Man in the Mirror: Part 2

For if anyone is a hearer of the word and not a doer, he is like a man who looks intently at his natural face in a mirror. For he looks at himself and goes away and at once forgets what he was like. But the one who looks into the perfect law, the law of liberty, and perseveres, being no hearer who forgets but a doer who acts, he will be blessed in his doing.”

JAMES 1:23:25 ESV¹

The movie industry has reached such inventive genius that it can infiltrate our imagination and rearrange reality. Just trying to figure out the plot is enough to keep our attention and even implant ideas in our mind that challenge our values.

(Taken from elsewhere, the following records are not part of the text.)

lemma AE_has_real_derivative_of_has_integral:
  fixes g H :: "real \<Rightarrow> real"
  assumes int: "\<And>a b. a \<le> b \<Longrightarrow> (g has_integral (H b - H a)) {a..b}"
  shows "AE x in lborel. (H has_real_derivative g x) (at x)"
proof -
  obtain N1 where N1: "negligible N1"
    and right: "\<And>x. x \<notin> N1 \<Longrightarrow> ((\<lambda>h. (H (x + h) - H x) / h) \<longlongrightarrow> g x) (at_right 0)"
    using right_difference_quotient_tendsto_ae[OF int] by blast
  have int': "(g \<circ> uminus has_integral ((- H \<circ> uminus) b - (- H \<circ> uminus) a)) {a..b}" if "a \<le> b" for a b
    using int[of "-b" "-a"] that has_integral_reflect_real[of g _ "-a" "-b"] by (simp add: o_def)
  obtain N2 where N2: "negligible N2" and left: "\<And>x. x \<notin> N2 \<Longrightarrow>
      ((\<lambda>h. ((- H \<circ> uminus) (x + h) - (- H \<circ> uminus) x) / h) \<longlongrightarrow> (g \<circ> uminus) x) (at_right 0)"
    using right_difference_quotient_tendsto_ae[OF int'] by blast
  have "negligible (uminus ` N2)"
    using N2 by (rule negligible_differentiable_image_negligible[rotated])
      (auto intro!: derivative_intros simp: differentiable_on_def)
  with N1 have "negligible (N1 \<union> uminus ` N2)" by (rule negligible_Un)
  then have "AE x in lebesgue. x \<notin> N1 \<union> uminus ` N2"
    unfolding negligible_iff_null_sets by (rule AE_not_in)
  then have "AE x in lborel. x \<notin> N1 \<union> uminus ` N2"
    by (rule AE_completion_iff[THEN iffD1])
  then show ?thesis
  proof eventually_elim
    case (elim x)
    then have "- x \<notin> N2" by (metis UnCI image_eqI minus_minus)
    from left[OF this] have "((\<lambda>h. (H x - H (x - h)) / h) \<longlongrightarrow> g x) (at_right 0)"
      by (simp add: o_def)
    moreover have "(\<lambda>h. (H (x + - h) - H x) / - h) = (\<lambda>h. (H x - H (x - h)) / h)"
      by (rule ext) (simp add: divide_minus_right minus_divide_left)
    ultimately have "((\<lambda>h. (H (x + h) - H x) / h) \<longlongrightarrow> g x) (at_left 0)"
      unfolding filterlim_at_left_to_right minus_zero by simp
    with right[of x] elim show ?case
      by (simp add: DERIV_def filterlim_at_split)
  qed
qed

lemma continuous_on_nonexpansive:
  fixes H :: "real \<Rightarrow> real"
  assumes "mono H" and "\<And>a b. a \<le> b \<Longrightarrow> H b - H a \<le> b - a"
  shows "continuous_on UNIV H"
proof (rule lipschitz_on_continuous_on[of 1], rule lipschitz_onI)
  fix x y :: real
  show "dist (H x) (H y) \<le> 1 * dist x y"
    using assms monoD[OF assms(1), of x y] monoD[OF assms(1), of y x]
    by (cases "x \<le> y") (auto simp: dist_real_def)
qed simp

lemma absolutely_continuous_interval_measure:
  fixes H :: "real \<Rightarrow> real"
  assumes mono: "mono H" and lip: "\<And>a b. a \<le> b \<Longrightarrow> H b - H a \<le> b - a"
  shows "absolutely_continuous lborel (interval_measure H)"
  unfolding absolutely_continuous_def
proof
  fix N :: "real set" assume N: "N \<in> null_sets lborel"
  have cont: "continuous (at_right a) f" if "continuous_on UNIV f" for a and f :: "real \<Rightarrow> real"
    using that by (simp add: continuous_on_eq_continuous_at continuous_at_imp_continuous_at_within)
  have "continuous_on UNIV H" by (rule continuous_on_nonexpansive[OF assms])
  then have "continuous_on UNIV (\<lambda>x. x - H x)" by (intro continuous_intros)
  moreover have "mono (\<lambda>x. x - H x)"
    using lip by (auto intro!: monoI simp: algebra_simps)
  ultimately have "emeasure lborel N
      = emeasure (interval_measure H) N + emeasure (interval_measure (\<lambda>x. x - H x)) N"
    using N mono \<open>continuous_on UNIV H\<close>
    by (subst lborel_eq_real, subst interval_measure_add[symmetric]) (auto intro: cont)
  then have "emeasure (interval_measure H) N = 0"
    using N by (metis add_eq_0_iff_both_eq_0 null_setsD1)
  then show "N \<in> null_sets (interval_measure H)"
    using N by (auto simp: null_sets_def)
qed

lemma interval_measure_density_nonexpansive:
  fixes H :: "real \<Rightarrow> real"
  assumes mono: "mono H" and lip: "\<And>a b. a \<le> b \<Longrightarrow> H b - H a \<le> b - a"
  obtains g where "g \<in> borel_measurable borel"
    "density lborel (\<lambda>x. ennreal (g x)) = interval_measure H"
    "\<And>a b. a \<le> b \<Longrightarrow> (g has_integral (H b - H a)) {a..b}"
proof -
  let ?\<nu> = "interval_measure H"
  have cont: "continuous_on UNIV H" by (rule continuous_on_nonexpansive[OF assms])
  have ac: "absolutely_continuous lborel ?\<nu>"
    by (rule absolutely_continuous_interval_measure[OF assms])
  have "sigma_finite_measure ?\<nu>"
    using mono cont by (intro sigma_finite_interval_measure)
      (auto simp: mono_def continuous_on_eq_continuous_at continuous_at_imp_continuous_at_within)
  then have "AE x in lborel. RN_deriv lborel ?\<nu> x \<noteq> \<infinity>"
    using ac by (intro sigma_finite_measure.RN_deriv_finite[OF sigma_finite_lborel]) auto
  then have ae: "AE x in lborel. ennreal (enn2real (RN_deriv lborel ?\<nu> x)) = RN_deriv lborel ?\<nu> x"
    by eventually_elim (simp add: less_top)
  define g where "g x = enn2real (RN_deriv lborel ?\<nu> x)" for x
  have g_meas[measurable]: "g \<in> borel_measurable borel"
    unfolding g_def by measurable
  have dens_g: "density lborel (\<lambda>x. ennreal (g x)) = ?\<nu>"
    using ae sigma_finite_measure.density_RN_deriv[OF sigma_finite_lborel ac]
    unfolding g_def by (subst density_cong) auto
  have int: "(g has_integral (H b - H a)) {a..b}" if "a \<le> b" for a b
  proof -
    have "(\<lambda>x. g x * indicator {a..b} x) \<in> borel_measurable borel"
      by measurable
    moreover have "0 \<le> g x * indicator {a..b} x" for x
      by (simp add: g_def)
    moreover have "(\<integral>\<^sup>+x. ennreal (g x * indicator {a..b} x) \<partial>lborel) = emeasure ?\<nu> {a..b}"
      by (simp flip: dens_g add: emeasure_density nn_integral_set_ennreal)
    then have "(\<integral>\<^sup>+x. ennreal (g x * indicator {a..b} x) \<partial>lborel) = ennreal (H b - H a)"
      using that mono cont by (simp add: emeasure_interval_measure_Icc mono_def)
    moreover have "0 \<le> H b - H a"
      using monoD[OF mono that] by simp
    ultimately have "((\<lambda>x. g x * indicator {a..b} x) has_integral (H b - H a)) UNIV"
      by (rule nn_integral_has_integral)
    moreover have "(\<lambda>x. g x * indicator {a..b} x) = (\<lambda>x. if x \<in> {a..b} then g x else 0)"
      by (simp add: indicator_times_eq_if)
    ultimately show ?thesis
      using has_integral_restrict_UNIV by metis
  qed
  show ?thesis by (rule that[OF g_meas dens_g int])
qed

text \<open>\<open>deriv H\<close> need not be Borel measurable, so the two densities are compared through their
  defining integrals, which only see \<open>deriv H\<close> almost everywhere.\<close>
lemma density_deriv_eq_interval_measure:
  fixes H :: "real \<Rightarrow> real"
  assumes mono: "mono H" and lip: "\<And>a b. a \<le> b \<Longrightarrow> H b - H a \<le> b - a"
  shows "density lborel (\<lambda>x. ennreal (deriv H x)) = interval_measure H"
proof -
  obtain g where "g \<in> borel_measurable borel"
    and dens_g: "density lborel (\<lambda>x. ennreal (g x)) = interval_measure H"
    and int: "\<And>a b. a \<le> b \<Longrightarrow> (g has_integral (H b - H a)) {a..b}"
    using interval_measure_density_nonexpansive[OF assms] by blast
  from int have "AE x in lborel. (H has_real_derivative g x) (at x)"
    by (rule AE_has_real_derivative_of_has_integral)
  then have "AE x in lborel. deriv H x = g x"
    by eventually_elim (rule DERIV_imp_deriv)
  then have "(\<integral>\<^sup>+x. ennreal (deriv H x) * indicator A x \<partial>lborel)
      = (\<integral>\<^sup>+x. ennreal (g x) * indicator A x \<partial>lborel)" for A
    by (intro nn_integral_cong_AE) (auto elim: eventually_mono)
  then show ?thesis
    unfolding dens_g[symmetric] density_def by simp
qed

section \<open>Quantiles of push-forwards of Lebesgue-Stieltjes measures\<close>

lemma filterlim_add_const_at_bot: "filterlim (\<lambda>x. c + x) at_bot (at_bot :: real filter)"
  unfolding filterlim_at_bot eventually_at_bot_linorder by (metis add.commute le_diff_eq)

lemma filterlim_add_const_at_top: "filterlim (\<lambda>x. c + x) at_top (at_top :: real filter)"
  by (rule filterlim_tendsto_add_at_top[OF tendsto_const filterlim_ident])

lemma Sup_eq_of_lessThan_subset:
  fixes a :: real
  assumes "{..<a} \<subseteq> S" and "S \<subseteq> {..a}"
  shows "Sup S = a"
proof (rule cSup_eq)
  show "x \<le> a" if "x \<in> S" for x using assms(2) that by auto
  show "a \<le> y" if "\<And>x. x \<in> S \<Longrightarrow> x \<le> y" for y
    using assms(1) that by (auto intro: dense_le)
qed

lemma emeasure_interval_measure_atMost:
  fixes F :: "real \<Rightarrow> real"
  assumes mono: "mono F" and cont: "\<And>a. continuous (at_right a) F" and lim: "(F \<longlongrightarrow> 0) at_bot"
  shows "emeasure (interval_measure F) {..b} = ennreal (F b)"
proof -
  have "(\<lambda>n. emeasure (interval_measure F) {b - real n<..b})
      \<longlonglongrightarrow> emeasure (interval_measure F) (\<Union>n. {b - real n<..b})"
    by (rule Lim_emeasure_incseq) (auto simp: incseq_def)
  also have "(\<Union>n. {b - real n<..b}) = {..b}"
  proof (intro equalityI subsetI)
    fix x assume "x \<in> {..b}"
    moreover obtain n :: nat where "b - x < real n" using reals_Archimedean2 by blast
    ultimately show "x \<in> (\<Union>n. {b - real n<..b})" by (auto intro!: exI[of _ n])
  qed auto
  finally have "(\<lambda>n. ennreal (F b - F (b - real n))) \<longlonglongrightarrow> emeasure (interval_measure F) {..b}"
    using mono cont by (simp add: emeasure_interval_measure_Ioc mono_def)
  moreover have "filterlim (\<lambda>n. b - real n) at_bot sequentially"
    using filterlim_tendsto_add_at_top[OF tendsto_const[of "- b"] filterlim_real_sequentially]
    by (simp add: filterlim_uminus_at_bot)
  then have "(\<lambda>n. ennreal (F b - F (b - real n))) \<longlonglongrightarrow> ennreal (F b - 0)"
    by (intro tendsto_ennrealI tendsto_diff tendsto_const filterlim_compose[OF lim])
  ultimately show ?thesis by (simp add: LIMSEQ_unique)
qed

lemma emeasure_interval_measure_UNIV:
  fixes F :: "real \<Rightarrow> real"
  assumes mono: "mono F" and cont: "\<And>a. continuous (at_right a) F"
    and bot: "(F \<longlongrightarrow> 0) at_bot" and top: "(F \<longlongrightarrow> L) at_top"
  shows "emeasure (interval_measure F) UNIV = ennreal L"
proof -
  have "(\<lambda>n. emeasure (interval_measure F) {..real n})
      \<longlonglongrightarrow> emeasure (interval_measure F) (\<Union>n. {..real n})"
    by (rule Lim_emeasure_incseq) (auto simp: incseq_def)
  also have "(\<Union>n. {..real n}) = UNIV"
    by (auto intro: real_arch_simple)
  finally have "(\<lambda>n. ennreal (F (real n))) \<longlonglongrightarrow> emeasure (interval_measure F) UNIV"
    by (simp add: emeasure_interval_measure_atMost[OF assms(1-3)])
  moreover have "(\<lambda>n. ennreal (F (real n))) \<longlonglongrightarrow> ennreal L"
    by (intro tendsto_ennrealI filterlim_compose[OF top filterlim_real_sequentially])
  ultimately show ?thesis by (simp add: LIMSEQ_unique)
qed

lemma
  fixes Y :: "real \<Rightarrow> real"
  assumes Y: "Y \<in> borel_measurable borel" "mono Y" and sets: "sets \<nu> = sets borel"
  shows emeasure_distr_lessThan_le: "x \<le> Y c \<Longrightarrow> emeasure (distr \<nu> borel Y) {..<x} \<le> emeasure \<nu> {..c}"
    and emeasure_distr_lessThan_ge: "Y c < x \<Longrightarrow> emeasure \<nu> {..c} \<le> emeasure (distr \<nu> borel Y) {..<x}"
proof -
  have "Y \<in> borel_measurable \<nu>"
    using Y(1) by (simp only: measurable_cong_sets[OF sets refl])
  then have vimage: "emeasure (distr \<nu> borel Y) {..<x} = emeasure \<nu> (Y -` {..<x})" for x
    using sets_eq_imp_space_eq[OF sets] by (simp add: emeasure_distr)
  have vimage_sets: "Y -` {..<x} \<in> sets \<nu>" for x
    using measurable_sets[OF Y(1), of "{..<x}"] sets by simp
  show "emeasure (distr \<nu> borel Y) {..<x} \<le> emeasure \<nu> {..c}" if "x \<le> Y c"
  proof -
    have "Y -` {..<x} \<subseteq> {..c}"
    proof
      fix \<xi> assume "\<xi> \<in> Y -` {..<x}"
      then show "\<xi> \<in> {..c}" using that monoD[OF Y(2), of c \<xi>] by (cases "c \<le> \<xi>") auto
    qed
    then show ?thesis unfolding vimage using sets by (intro emeasure_mono) auto
  qed
  show "emeasure \<nu> {..c} \<le> emeasure (distr \<nu> borel Y) {..<x}" if "Y c < x"
  proof -
    have "{..c} \<subseteq> Y -` {..<x}"
      using that monoD[OF Y(2)] by (auto intro: le_less_trans)
    then show ?thesis unfolding vimage using vimage_sets by (rule emeasure_mono)
  qed
qed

The “Black Mirror” series on Netflix confronts the physical and psychological terrain of our imagination. It starts from the moment you click on it. “The series begins with a small throbber rotating over a complete black background which turns the screen into a mirror.” At the end of the title sequence, it looks like your screen is broken on purpose.

According to the book Black Mirror and Philosophy¹, Charlie Brooker, the show’s creator said in an interview, “the show is really about the human condition. It’s not a technological problem we have, it’s a human one… when you read about Black Mirror, you sense a dark reflection of society through a [broken humanity].” The schemes that wreak havoc, like mass shootings, explosions and the news that clutter our daily lives are the staple of this series. On the other hand, the search for our true identity through the supernatural has the wellness industry and spiritual centers thriving as they each offer their version of bliss. Our world is shattered and the hearts of many broken. We’re searching for answers to the deepest hungers we can’t fill. Who do we trust? We want to see change in the world but only offer the man in the mirror cosmetic fixes. Who doesn’t want to be well? Who doesn’t want a life free from stress? Who, deep within their heart, doesn’t want to know God or if He really exists? 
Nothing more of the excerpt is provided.